**Aim of the exercise**. In the entries below, find each line with the word "standard" and pull it out.

(Dataset entries)
-----

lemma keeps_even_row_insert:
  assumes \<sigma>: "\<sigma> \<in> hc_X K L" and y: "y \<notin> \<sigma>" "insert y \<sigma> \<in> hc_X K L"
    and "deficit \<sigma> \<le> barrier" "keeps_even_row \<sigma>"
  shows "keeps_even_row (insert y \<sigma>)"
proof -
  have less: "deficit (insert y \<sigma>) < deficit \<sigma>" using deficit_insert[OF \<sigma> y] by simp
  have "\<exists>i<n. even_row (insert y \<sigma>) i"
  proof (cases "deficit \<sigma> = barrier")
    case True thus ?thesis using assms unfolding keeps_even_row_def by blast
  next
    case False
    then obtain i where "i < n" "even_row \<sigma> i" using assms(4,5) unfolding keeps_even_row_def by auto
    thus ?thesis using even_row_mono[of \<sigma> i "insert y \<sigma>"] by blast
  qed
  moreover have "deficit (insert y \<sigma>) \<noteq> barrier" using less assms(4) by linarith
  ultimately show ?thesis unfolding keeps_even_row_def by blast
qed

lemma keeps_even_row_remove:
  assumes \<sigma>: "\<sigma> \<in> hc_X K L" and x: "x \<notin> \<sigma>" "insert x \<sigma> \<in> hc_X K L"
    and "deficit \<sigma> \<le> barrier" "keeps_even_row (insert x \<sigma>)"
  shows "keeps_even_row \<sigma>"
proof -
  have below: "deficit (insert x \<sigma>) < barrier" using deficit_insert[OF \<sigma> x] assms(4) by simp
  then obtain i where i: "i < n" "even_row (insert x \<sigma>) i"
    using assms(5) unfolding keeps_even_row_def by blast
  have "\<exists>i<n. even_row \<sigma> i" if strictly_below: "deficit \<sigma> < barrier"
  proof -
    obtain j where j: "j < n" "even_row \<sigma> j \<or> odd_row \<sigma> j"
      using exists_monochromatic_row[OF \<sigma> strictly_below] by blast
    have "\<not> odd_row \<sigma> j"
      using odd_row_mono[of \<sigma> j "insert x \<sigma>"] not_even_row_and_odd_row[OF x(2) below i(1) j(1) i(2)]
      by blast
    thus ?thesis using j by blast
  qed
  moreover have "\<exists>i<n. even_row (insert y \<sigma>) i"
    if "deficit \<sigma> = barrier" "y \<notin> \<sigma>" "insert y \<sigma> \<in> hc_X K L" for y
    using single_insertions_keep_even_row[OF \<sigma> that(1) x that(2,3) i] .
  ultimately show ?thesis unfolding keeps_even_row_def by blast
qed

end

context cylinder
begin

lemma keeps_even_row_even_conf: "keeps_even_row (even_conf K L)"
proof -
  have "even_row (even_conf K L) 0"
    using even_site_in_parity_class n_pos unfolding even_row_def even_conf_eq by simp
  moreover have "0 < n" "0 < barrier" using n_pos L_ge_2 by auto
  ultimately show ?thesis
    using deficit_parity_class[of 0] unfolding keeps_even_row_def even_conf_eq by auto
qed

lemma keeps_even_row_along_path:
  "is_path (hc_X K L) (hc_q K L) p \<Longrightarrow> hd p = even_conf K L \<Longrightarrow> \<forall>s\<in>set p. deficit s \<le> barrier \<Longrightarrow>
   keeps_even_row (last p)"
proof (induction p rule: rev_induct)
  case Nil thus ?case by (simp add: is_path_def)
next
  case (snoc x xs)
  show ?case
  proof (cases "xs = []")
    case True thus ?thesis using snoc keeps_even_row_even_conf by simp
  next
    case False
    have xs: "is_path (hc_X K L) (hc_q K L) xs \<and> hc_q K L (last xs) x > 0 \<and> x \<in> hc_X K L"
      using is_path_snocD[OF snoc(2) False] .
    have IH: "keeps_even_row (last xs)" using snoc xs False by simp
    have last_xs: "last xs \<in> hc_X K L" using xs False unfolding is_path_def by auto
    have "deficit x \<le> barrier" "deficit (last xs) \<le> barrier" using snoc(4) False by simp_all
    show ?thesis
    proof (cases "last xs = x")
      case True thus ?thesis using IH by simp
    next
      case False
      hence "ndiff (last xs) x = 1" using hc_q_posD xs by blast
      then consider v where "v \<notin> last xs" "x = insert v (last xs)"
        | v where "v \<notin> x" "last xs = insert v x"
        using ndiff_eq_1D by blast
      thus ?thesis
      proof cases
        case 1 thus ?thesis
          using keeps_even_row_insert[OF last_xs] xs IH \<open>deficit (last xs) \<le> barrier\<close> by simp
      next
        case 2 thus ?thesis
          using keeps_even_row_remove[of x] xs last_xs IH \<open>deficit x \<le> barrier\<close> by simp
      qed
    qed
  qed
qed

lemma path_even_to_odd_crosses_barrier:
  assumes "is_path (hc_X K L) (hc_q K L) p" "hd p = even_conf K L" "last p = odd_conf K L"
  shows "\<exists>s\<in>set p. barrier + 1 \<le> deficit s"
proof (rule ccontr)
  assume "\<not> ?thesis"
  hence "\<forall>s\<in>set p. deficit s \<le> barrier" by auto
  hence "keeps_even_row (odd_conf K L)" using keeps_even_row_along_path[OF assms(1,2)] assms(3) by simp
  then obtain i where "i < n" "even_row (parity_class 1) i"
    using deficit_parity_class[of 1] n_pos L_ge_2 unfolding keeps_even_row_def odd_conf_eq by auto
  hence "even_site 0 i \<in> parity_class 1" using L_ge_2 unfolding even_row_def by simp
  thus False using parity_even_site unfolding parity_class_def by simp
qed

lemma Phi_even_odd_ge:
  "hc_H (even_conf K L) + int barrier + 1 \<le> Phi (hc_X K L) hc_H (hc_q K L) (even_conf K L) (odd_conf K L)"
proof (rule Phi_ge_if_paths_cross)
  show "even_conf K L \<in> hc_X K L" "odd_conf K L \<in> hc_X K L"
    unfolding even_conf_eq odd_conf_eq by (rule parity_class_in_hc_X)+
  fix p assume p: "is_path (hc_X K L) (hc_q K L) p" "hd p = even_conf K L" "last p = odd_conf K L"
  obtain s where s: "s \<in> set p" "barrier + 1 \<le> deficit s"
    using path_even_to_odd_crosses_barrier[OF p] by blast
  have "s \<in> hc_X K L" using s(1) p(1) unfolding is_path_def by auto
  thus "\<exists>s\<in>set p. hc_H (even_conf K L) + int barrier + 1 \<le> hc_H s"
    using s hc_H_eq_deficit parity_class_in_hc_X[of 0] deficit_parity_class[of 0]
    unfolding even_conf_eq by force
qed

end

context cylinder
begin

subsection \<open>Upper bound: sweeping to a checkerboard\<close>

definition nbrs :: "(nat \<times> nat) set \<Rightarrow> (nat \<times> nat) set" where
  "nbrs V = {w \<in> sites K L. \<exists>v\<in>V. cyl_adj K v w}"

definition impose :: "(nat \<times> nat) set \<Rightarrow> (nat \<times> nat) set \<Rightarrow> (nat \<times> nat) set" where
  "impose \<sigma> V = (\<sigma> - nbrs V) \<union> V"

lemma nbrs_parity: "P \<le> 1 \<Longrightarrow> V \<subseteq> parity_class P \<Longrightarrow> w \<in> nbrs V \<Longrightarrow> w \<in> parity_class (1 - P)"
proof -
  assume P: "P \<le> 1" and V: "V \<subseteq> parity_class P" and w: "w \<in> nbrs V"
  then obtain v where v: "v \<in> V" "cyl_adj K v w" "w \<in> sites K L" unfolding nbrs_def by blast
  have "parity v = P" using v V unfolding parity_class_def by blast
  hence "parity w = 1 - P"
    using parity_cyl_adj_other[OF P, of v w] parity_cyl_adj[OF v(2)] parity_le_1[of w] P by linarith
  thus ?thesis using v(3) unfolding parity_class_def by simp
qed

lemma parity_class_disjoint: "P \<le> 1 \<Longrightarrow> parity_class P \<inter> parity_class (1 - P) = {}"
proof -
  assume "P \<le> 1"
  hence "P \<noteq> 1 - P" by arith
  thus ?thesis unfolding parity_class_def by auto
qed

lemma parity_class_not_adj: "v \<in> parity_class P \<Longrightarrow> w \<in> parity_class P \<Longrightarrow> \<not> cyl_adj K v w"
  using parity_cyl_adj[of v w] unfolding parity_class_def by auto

-----

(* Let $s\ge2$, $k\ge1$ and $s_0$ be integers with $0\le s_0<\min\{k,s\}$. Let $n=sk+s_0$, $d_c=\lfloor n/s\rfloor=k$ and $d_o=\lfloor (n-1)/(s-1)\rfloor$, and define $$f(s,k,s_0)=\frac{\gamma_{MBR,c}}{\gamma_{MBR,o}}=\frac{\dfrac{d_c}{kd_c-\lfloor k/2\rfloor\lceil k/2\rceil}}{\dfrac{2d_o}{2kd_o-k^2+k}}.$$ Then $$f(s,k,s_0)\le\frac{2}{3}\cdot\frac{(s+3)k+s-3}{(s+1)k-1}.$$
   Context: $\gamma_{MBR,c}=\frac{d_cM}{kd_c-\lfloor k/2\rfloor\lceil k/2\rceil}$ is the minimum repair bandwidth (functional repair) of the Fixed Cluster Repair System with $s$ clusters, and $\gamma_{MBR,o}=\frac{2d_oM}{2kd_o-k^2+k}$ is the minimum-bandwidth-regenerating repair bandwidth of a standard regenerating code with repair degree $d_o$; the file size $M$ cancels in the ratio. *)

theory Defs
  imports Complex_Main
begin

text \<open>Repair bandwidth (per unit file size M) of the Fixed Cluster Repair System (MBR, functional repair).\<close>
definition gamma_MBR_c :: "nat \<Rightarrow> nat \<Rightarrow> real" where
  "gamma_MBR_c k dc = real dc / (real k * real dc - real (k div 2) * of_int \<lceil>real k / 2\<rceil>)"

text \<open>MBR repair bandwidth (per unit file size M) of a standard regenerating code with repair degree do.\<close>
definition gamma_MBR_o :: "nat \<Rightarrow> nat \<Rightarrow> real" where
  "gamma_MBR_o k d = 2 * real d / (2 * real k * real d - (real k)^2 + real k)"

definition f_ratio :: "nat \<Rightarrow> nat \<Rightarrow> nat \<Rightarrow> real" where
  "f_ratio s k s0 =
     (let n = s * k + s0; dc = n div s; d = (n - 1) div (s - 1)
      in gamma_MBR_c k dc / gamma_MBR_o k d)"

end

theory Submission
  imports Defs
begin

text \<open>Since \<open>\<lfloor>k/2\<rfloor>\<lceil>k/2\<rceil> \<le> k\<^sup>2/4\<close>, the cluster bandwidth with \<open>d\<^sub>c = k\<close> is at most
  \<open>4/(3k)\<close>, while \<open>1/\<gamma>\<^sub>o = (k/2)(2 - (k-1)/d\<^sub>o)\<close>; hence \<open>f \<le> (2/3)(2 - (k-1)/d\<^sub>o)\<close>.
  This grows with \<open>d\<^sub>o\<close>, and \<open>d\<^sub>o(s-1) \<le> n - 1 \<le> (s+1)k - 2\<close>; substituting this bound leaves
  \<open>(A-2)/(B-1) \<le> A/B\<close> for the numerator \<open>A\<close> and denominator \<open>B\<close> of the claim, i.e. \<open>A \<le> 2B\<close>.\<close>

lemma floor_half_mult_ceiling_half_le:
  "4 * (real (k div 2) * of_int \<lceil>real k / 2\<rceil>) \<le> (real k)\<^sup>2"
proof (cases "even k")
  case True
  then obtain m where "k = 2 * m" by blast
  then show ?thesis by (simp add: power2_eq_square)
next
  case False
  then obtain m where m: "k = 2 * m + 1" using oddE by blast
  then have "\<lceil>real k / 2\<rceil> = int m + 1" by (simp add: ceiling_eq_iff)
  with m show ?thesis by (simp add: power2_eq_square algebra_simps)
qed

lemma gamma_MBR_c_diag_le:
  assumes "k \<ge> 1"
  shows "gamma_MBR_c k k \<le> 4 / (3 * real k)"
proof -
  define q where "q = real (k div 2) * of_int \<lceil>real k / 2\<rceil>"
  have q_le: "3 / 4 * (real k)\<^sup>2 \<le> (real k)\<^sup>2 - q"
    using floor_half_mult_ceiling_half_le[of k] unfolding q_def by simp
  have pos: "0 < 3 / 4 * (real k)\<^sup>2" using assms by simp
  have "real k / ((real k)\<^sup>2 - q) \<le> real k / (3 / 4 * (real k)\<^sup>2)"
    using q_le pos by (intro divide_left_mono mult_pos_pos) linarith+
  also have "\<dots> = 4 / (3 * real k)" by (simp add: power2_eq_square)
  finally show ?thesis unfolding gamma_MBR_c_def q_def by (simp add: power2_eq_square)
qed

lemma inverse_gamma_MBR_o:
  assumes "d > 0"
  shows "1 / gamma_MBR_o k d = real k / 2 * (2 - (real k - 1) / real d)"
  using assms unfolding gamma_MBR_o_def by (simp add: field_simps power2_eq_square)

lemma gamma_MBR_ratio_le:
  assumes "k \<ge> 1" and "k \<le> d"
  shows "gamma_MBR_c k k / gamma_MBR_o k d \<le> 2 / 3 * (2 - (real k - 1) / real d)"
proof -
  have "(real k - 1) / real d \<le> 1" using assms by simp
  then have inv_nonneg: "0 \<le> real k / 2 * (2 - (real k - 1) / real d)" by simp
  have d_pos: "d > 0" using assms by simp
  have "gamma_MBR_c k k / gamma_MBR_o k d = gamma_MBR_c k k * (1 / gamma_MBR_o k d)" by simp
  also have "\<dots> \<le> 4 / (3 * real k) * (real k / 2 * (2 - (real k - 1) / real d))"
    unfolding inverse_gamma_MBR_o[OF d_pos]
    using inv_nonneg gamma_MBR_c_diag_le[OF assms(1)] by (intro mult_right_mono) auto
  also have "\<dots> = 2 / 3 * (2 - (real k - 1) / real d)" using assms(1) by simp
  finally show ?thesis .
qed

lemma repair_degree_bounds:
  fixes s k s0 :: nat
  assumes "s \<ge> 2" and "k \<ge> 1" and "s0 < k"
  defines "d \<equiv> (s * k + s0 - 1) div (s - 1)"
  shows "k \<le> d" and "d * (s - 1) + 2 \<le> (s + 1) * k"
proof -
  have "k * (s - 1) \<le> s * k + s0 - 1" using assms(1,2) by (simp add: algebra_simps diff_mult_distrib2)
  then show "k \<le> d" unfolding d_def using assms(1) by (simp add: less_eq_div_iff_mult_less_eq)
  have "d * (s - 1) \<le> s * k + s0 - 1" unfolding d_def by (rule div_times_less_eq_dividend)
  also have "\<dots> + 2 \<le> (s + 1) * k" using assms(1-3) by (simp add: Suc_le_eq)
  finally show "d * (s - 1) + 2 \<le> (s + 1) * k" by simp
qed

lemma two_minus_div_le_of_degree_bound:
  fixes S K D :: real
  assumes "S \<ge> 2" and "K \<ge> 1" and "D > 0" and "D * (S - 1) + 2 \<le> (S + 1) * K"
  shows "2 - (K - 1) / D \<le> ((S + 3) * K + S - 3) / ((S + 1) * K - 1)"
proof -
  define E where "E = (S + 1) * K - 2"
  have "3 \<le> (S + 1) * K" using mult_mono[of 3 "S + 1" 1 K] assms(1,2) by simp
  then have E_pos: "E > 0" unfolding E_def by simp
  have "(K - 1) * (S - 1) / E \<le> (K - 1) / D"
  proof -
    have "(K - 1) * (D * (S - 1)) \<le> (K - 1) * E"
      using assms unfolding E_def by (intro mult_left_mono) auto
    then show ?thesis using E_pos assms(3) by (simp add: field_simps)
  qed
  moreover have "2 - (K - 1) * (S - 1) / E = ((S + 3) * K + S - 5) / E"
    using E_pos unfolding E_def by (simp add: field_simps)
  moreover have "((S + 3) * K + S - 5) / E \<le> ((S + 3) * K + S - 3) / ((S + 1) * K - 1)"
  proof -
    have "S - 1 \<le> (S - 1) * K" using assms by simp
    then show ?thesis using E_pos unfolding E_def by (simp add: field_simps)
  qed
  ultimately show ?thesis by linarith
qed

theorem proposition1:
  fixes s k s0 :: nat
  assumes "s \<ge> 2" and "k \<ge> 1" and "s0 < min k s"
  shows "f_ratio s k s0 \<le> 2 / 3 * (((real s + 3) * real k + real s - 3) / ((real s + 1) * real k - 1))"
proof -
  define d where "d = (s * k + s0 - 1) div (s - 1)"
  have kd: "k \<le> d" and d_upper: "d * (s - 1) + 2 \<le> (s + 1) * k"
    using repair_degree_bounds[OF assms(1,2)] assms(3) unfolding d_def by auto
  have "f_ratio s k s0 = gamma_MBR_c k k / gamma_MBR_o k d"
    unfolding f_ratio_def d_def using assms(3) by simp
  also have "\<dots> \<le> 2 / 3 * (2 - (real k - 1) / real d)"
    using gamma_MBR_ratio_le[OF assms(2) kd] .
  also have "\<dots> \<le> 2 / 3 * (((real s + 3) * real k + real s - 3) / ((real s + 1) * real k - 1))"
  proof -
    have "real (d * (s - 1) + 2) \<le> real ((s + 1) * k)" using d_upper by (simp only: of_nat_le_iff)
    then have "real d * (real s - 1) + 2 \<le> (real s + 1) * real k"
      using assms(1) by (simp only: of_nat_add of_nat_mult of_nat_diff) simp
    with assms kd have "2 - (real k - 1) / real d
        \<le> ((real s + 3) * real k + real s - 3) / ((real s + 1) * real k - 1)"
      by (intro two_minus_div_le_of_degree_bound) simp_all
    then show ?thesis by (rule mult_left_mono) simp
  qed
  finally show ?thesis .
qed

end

-----

**Task response**.
   Context: $\gamma_{MBR,c}=\frac{d_cM}{kd_c-\lfloor k/2\rfloor\lceil k/2\rceil}$ is the minimum repair bandwidth (functional repair) of the Fixed Cluster Repair System with $s$ clusters, and $\gamma_{MBR,o}=\frac{2d_oM}{2kd_o-k^2+k}$ is the minimum-bandwidth-regenerating repair bandwidth of a standard regenerating code with repair degree $d_o$; the file size $M$ cancels in the ratio. *)
text \<open>MBR repair bandwidth (per unit file size M) of a standard regenerating code with repair degree do.\<close>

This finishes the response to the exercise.